Jeanne Deroin (pseudonym, Jeanne Victoire; 31 December 1805 – 2 April 1894) was a French socialist feminist. She spent the latter half of her life in exile in London, where she continued her organising activities.

==Early life==
Born in Paris, Deroin became a seamstress. In 1831, she joined the followers of utopian socialist Henri de Saint-Simon. For her required statement of her belief in their principles, she wrote a 44-page essay, in part inspired by Olympe de Gouges' 1791 Declaration of the Rights of Woman and of the Female Citizen, in which Deroin argued against the idea that women were inferior to men, and likened marriage to slavery.

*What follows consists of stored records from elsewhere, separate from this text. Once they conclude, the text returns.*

lemma sub_basis_atLeast0LessThan: "sub_basis {0..<n} = basis n"
  unfolding basis_def sub_basis_def by (auto simp: not_le[symmetric])

lemma card_weight_eq:
  assumes "T \<subseteq> {0..<n}"
  shows "card {z \<in> basis n \<inter> sub_basis T. weight n z = m} = card T choose m"
proof -
  have "bij_betw (\<lambda>z. {j. z j}) {z \<in> basis n \<inter> sub_basis T. weight n z = m} {B. B \<subseteq> T \<and> card B = m}"
  proof (rule bij_betw_byWitness[where f'="\<lambda>A j. j \<in> A"])
    show "(\<lambda>z. {j. z j}) ` {z \<in> basis n \<inter> sub_basis T. weight n z = m} \<subseteq> {B. B \<subseteq> T \<and> card B = m}"
    proof (rule image_subsetI)
      fix z assume z: "z \<in> {z \<in> basis n \<inter> sub_basis T. weight n z = m}"
      then have "{j. j < n \<and> z j} = {j. z j}" unfolding basis_def by (auto simp: not_le[symmetric])
      then show "{j. z j} \<in> {B. B \<subseteq> T \<and> card B = m}" using z unfolding weight_def sub_basis_def by auto
    qed
    show "(\<lambda>A j. j \<in> A) ` {B. B \<subseteq> T \<and> card B = m} \<subseteq> {z \<in> basis n \<inter> sub_basis T. weight n z = m}"
    proof (rule image_subsetI)
      fix B assume B: "B \<in> {B. B \<subseteq> T \<and> card B = m}"
      then have "{j. j < n \<and> j \<in> B} = B" using assms by auto
      then show "(\<lambda>j. j \<in> B) \<in> {z \<in> basis n \<inter> sub_basis T. weight n z = m}"
        using B assms unfolding basis_def sub_basis_def weight_def by auto
    qed
  qed auto
  then have "card {z \<in> basis n \<inter> sub_basis T. weight n z = m} = card {B. B \<subseteq> T \<and> card B = m}"
    by (rule bij_betw_same_card)
  also have "\<dots> = card T choose m" using n_subsets assms finite_subset by blast
  finally show ?thesis .
qed

lemma card_basis_weight_eq: "card {x \<in> basis n. weight n x = i} = n choose i"
  using card_weight_eq[of "{0..<n}" n i] by (simp add: sub_basis_atLeast0LessThan)

lemma basis_weight_exists:
  assumes "i \<le> n"
  obtains x where "x \<in> basis n" "weight n x = i"
proof
  show "(\<lambda>j. j < i) \<in> basis n" using assms unfolding basis_def by auto
  have "{j. j < n \<and> j < i} = {..<i}" using assms by auto
  then show "weight n (\<lambda>j. j < i) = i" unfolding weight_def by simp
qed

lemma cnj_dicke [simp]: "cnj (dicke n i x) = dicke n i x"
  unfolding dicke_def by simp

lemma dicke_mix_eq:
  "dicke_mix n c x y = (if x \<in> basis n \<and> y \<in> basis n \<and> weight n x = weight n y
     then complex_of_real (c (weight n x) / real (n choose weight n x)) else 0)"
proof -
  have sq: "dicke n i x * dicke n i y =
    (if x \<in> basis n \<and> y \<in> basis n \<and> weight n x = i \<and> weight n y = i
     then complex_of_real (1 / real (n choose i)) else 0)" for i
  proof -
    have "(1 / sqrt (real (n choose i))) * (1 / sqrt (real (n choose i))) = 1 / real (n choose i)"
      by (simp add: real_sqrt_mult[symmetric])
    then show ?thesis unfolding dicke_def weight_def
      by (auto simp del: of_real_divide simp: of_real_mult[symmetric])
  qed
  have "dicke_mix n c x y = (\<Sum>i\<le>n. if i = weight n x then
      (if x \<in> basis n \<and> y \<in> basis n \<and> weight n x = weight n y
       then complex_of_real (c (weight n x) / real (n choose weight n x)) else 0) else 0)"
    unfolding dicke_mix_def by (intro sum.cong refl) (auto simp: mult.assoc sq)
  also have "\<dots> = (if x \<in> basis n \<and> y \<in> basis n \<and> weight n x = weight n y
      then complex_of_real (c (weight n x) / real (n choose weight n x)) else 0)"
    using weight_le[of n x] by (subst sum.delta) auto
  finally show ?thesis .
qed

lemma density_dicke_mix:
  assumes c0: "\<forall>i\<le>n. 0 \<le> c i" and c1: "(\<Sum>i\<le>n. c i) = 1"
  shows "density n (dicke_mix n c)"
  unfolding density_def
proof (intro conjI allI impI)
  fix x y
  show "x \<notin> basis n \<or> y \<notin> basis n \<Longrightarrow> dicke_mix n c x y = 0" by (auto simp: dicke_mix_eq)
  show "dicke_mix n c y x = cnj (dicke_mix n c x y)" by (auto simp: dicke_mix_eq)
next
  fix v :: "(nat \<Rightarrow> bool) \<Rightarrow> complex"
  define B where "B = basis n"
  define u where "u i = (\<Sum>y\<in>B. dicke n i y * v y)" for i
  have "(\<Sum>x\<in>B. \<Sum>y\<in>B. cnj (v x) * dicke_mix n c x y * v y)
      = (\<Sum>x\<in>B. \<Sum>y\<in>B. \<Sum>i\<le>n. of_real (c i) * (dicke n i x * cnj (v x)) * (dicke n i y * v y))"
    unfolding dicke_mix_def by (simp add: sum_distrib_left sum_distrib_right mult_ac)
  also have "\<dots> = (\<Sum>i\<le>n. \<Sum>x\<in>B. \<Sum>y\<in>B. of_real (c i) * (dicke n i x * cnj (v x)) * (dicke n i y * v y))"
    by (subst sum.swap) (simp add: sum.swap[of _ B "{..n}"])
  also have "\<dots> = (\<Sum>i\<le>n. of_real (c i) * (cnj (u i) * u i))"
    unfolding u_def by (simp add: sum_distrib_left sum_product mult_ac)
  also have "\<dots> = of_real (\<Sum>i\<le>n. c i * (cmod (u i))\<^sup>2)"
  proof -
    have "cnj (u i) * u i = of_real ((cmod (u i))\<^sup>2)" for i
      by (metis complex_norm_square mult.commute)
    then show ?thesis by (simp add: of_real_sum)
  qed
  finally have "(\<Sum>x\<in>B. \<Sum>y\<in>B. cnj (v x) * dicke_mix n c x y * v y) = of_real (\<Sum>i\<le>n. c i * (cmod (u i))\<^sup>2)" .
  moreover have "0 \<le> (\<Sum>i\<le>n. c i * (cmod (u i))\<^sup>2)" using c0 by (intro sum_nonneg) auto
  ultimately show "let q = (\<Sum>x\<in>basis n. \<Sum>y\<in>basis n. cnj (v x) * dicke_mix n c x y * v y) in Im q = 0 \<and> 0 \<le> Re q"
    unfolding B_def Let_def by simp
next
  have "(\<Sum>x\<in>basis n. dicke_mix n c x x) = (\<Sum>x\<in>basis n. complex_of_real (c (weight n x) / real (n choose weight n x)))"
    by (intro sum.cong refl) (simp add: dicke_mix_eq)
  also have "\<dots> = (\<Sum>i\<le>n. \<Sum>x\<in>{x \<in> basis n. weight n x = i}. complex_of_real (c (weight n x) / real (n choose weight n x)))"
    by (rule sum.group[symmetric]) (auto simp: finite_basis weight_le)
  also have "\<dots> = (\<Sum>i\<le>n. of_real (c i))"
    by (intro sum.cong refl) (simp add: card_basis_weight_eq)
  also have "\<dots> = 1" using c1 by (metis of_real_1 of_real_sum)
  finally show "(\<Sum>x\<in>basis n. dicke_mix n c x x) = 1" .
qed

lemma dicke_mix_neq:
  assumes "i \<le> n" "a i \<noteq> b i"
  shows "dicke_mix n a \<noteq> dicke_mix n b"
proof
  assume eq: "dicke_mix n a = dicke_mix n b"
  obtain x where "x \<in> basis n" "weight n x = i" using basis_weight_exists[OF assms(1)] .
  then have "a i / real (n choose i) = b i / real (n choose i)"
    using fun_cong[OF fun_cong[OF eq, of x], of x] by (simp add: dicke_mix_eq)
  then show False using assms by (simp add: divide_cancel_right)
qed

text \<open>The diagonal entry of the t-qubit reduction of \<open>dicke_mix n c\<close> at a label of weight r.\<close>

definition marg_moment :: "nat \<Rightarrow> nat \<Rightarrow> nat \<Rightarrow> (nat \<Rightarrow> real) \<Rightarrow> real" where
  "marg_moment n t r c = (\<Sum>i\<le>n. c i * binom (n - t) (int i - int r) / binom n (int i))"

lemma binom_of_nat [simp]: "binom m (int i) = real (m choose i)"
  unfolding binom_def by simp

lemma binom_Suc: "binom (Suc m) j = binom m j + binom m (j - 1)"
proof (cases "j \<le> 0")
  case False
  then have "nat j = Suc (nat (j - 1))" by simp
  then show ?thesis using False unfolding binom_def by simp
qed (auto simp: binom_def)

lemma marg_moment_Suc:
  assumes "Suc t \<le> n"
  shows "marg_moment n t r c = marg_moment n (Suc t) r c + marg_moment n (Suc t) (Suc r) c"
proof -
  have "n - t = Suc (n - Suc t)" using assms by simp
  then have "binom (n - t) (int i - int r)
      = binom (n - Suc t) (int i - int r) + binom (n - Suc t) (int i - int (Suc r))" for i
    by (simp add: binom_Suc algebra_simps)
  then show ?thesis
    unfolding marg_moment_def by (simp add: distrib_left add_divide_distrib sum.distrib)
qed

lemma marg_moment_0: "marg_moment n 0 0 c = (\<Sum>i\<le>n. c i)"
  unfolding marg_moment_def binom_def by simp

lemma marg_moment_eq_of_binom_weighted_eq:
  assumes "s \<le> m"
    and "(\<Sum>i\<le>n. a i * (binom m (int s) * binom (n - m) (int i - int s) / binom n (int i)))
       = (\<Sum>i\<le>n. b i * (binom m (int s) * binom (n - m) (int i - int s) / binom n (int i)))"
  shows "marg_moment n m s a = marg_moment n m s b"
proof -
  have factor: "(\<Sum>i\<le>n. c i * (binom m (int s) * binom (n - m) (int i - int s) / binom n (int i)))
     = binom m (int s) * marg_moment n m s c" for c
    unfolding marg_moment_def sum_distrib_left by (intro sum.cong refl) (simp add: mult_ac)
  have "binom m (int s) \<noteq> 0" using assms(1) by simp
  then show ?thesis using assms(2) unfolding factor by simp
qed

lemma marg_moment_eq_downward:
  assumes "k \<le> n" and "\<forall>s\<le>k. marg_moment n k s a = marg_moment n k s b"
    and "t \<le> k" and "r \<le> t"
  shows "marg_moment n t r a = marg_moment n t r b"
proof -
  have "\<forall>r\<le>t. marg_moment n t r a = marg_moment n t r b"
    using \<open>t \<le> k\<close>
  proof (induction rule: inc_induct)
    case base
    then show ?case using assms(2) .
  next
    case (step t)
    then show ?case using \<open>k \<le> n\<close> by (simp add: marg_moment_Suc)
  qed
  then show ?thesis using \<open>r \<le> t\<close> by blast
qed

lemma merge_in_basis:
  assumes "S \<subseteq> {0..<n}" "\<alpha> \<in> sub_basis S" "z \<in> basis n"
  shows "merge S \<alpha> z \<in> basis n"
  using assms unfolding merge_def basis_def sub_basis_def by auto

lemma weight_merge:
  assumes "S \<subseteq> {0..<n}" "\<alpha> \<in> sub_basis S" "z \<in> sub_basis ({0..<n} - S)"
  shows "weight n (merge S \<alpha> z) = weight n \<alpha> + weight n z"
proof -
  have "{j. j < n \<and> merge S \<alpha> z j} = {j. j < n \<and> \<alpha> j} \<union> {j. j < n \<and> z j}"
    and "{j. j < n \<and> \<alpha> j} \<inter> {j. j < n \<and> z j} = {}"
    using assms unfolding merge_def sub_basis_def by auto
  then show ?thesis unfolding weight_def by (simp add: card_Un_disjoint)
qed

lemma weight_sub_basis_le:
  assumes "S \<subseteq> {0..<n}" "\<alpha> \<in> sub_basis S"
  shows "weight n \<alpha> \<le> card S"
proof -
  have "{j. j < n \<and> \<alpha> j} \<subseteq> S" using assms(2) unfolding sub_basis_def by auto
  moreover have "finite S" using assms(1) finite_subset by blast
  ultimately show ?thesis unfolding weight_def by (rule card_mono[rotated])
qed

Despite this, in 1832, she married Antoine Ulysse Desroches, a fellow Saint-Simonite, but refused to take his surname and insisted on taking a vow of equality in a civil ceremony.

Later in 1832, Deroin was part of a group of working women who, in protest at the Saint-Simonites hierarchical and religious nature left the group, and became supporters of the socialist Charles Fourier. They began publishing La Femme libre, the first newspaper for women in France, for which she wrote under the pseudonym "Jeanne Victoire".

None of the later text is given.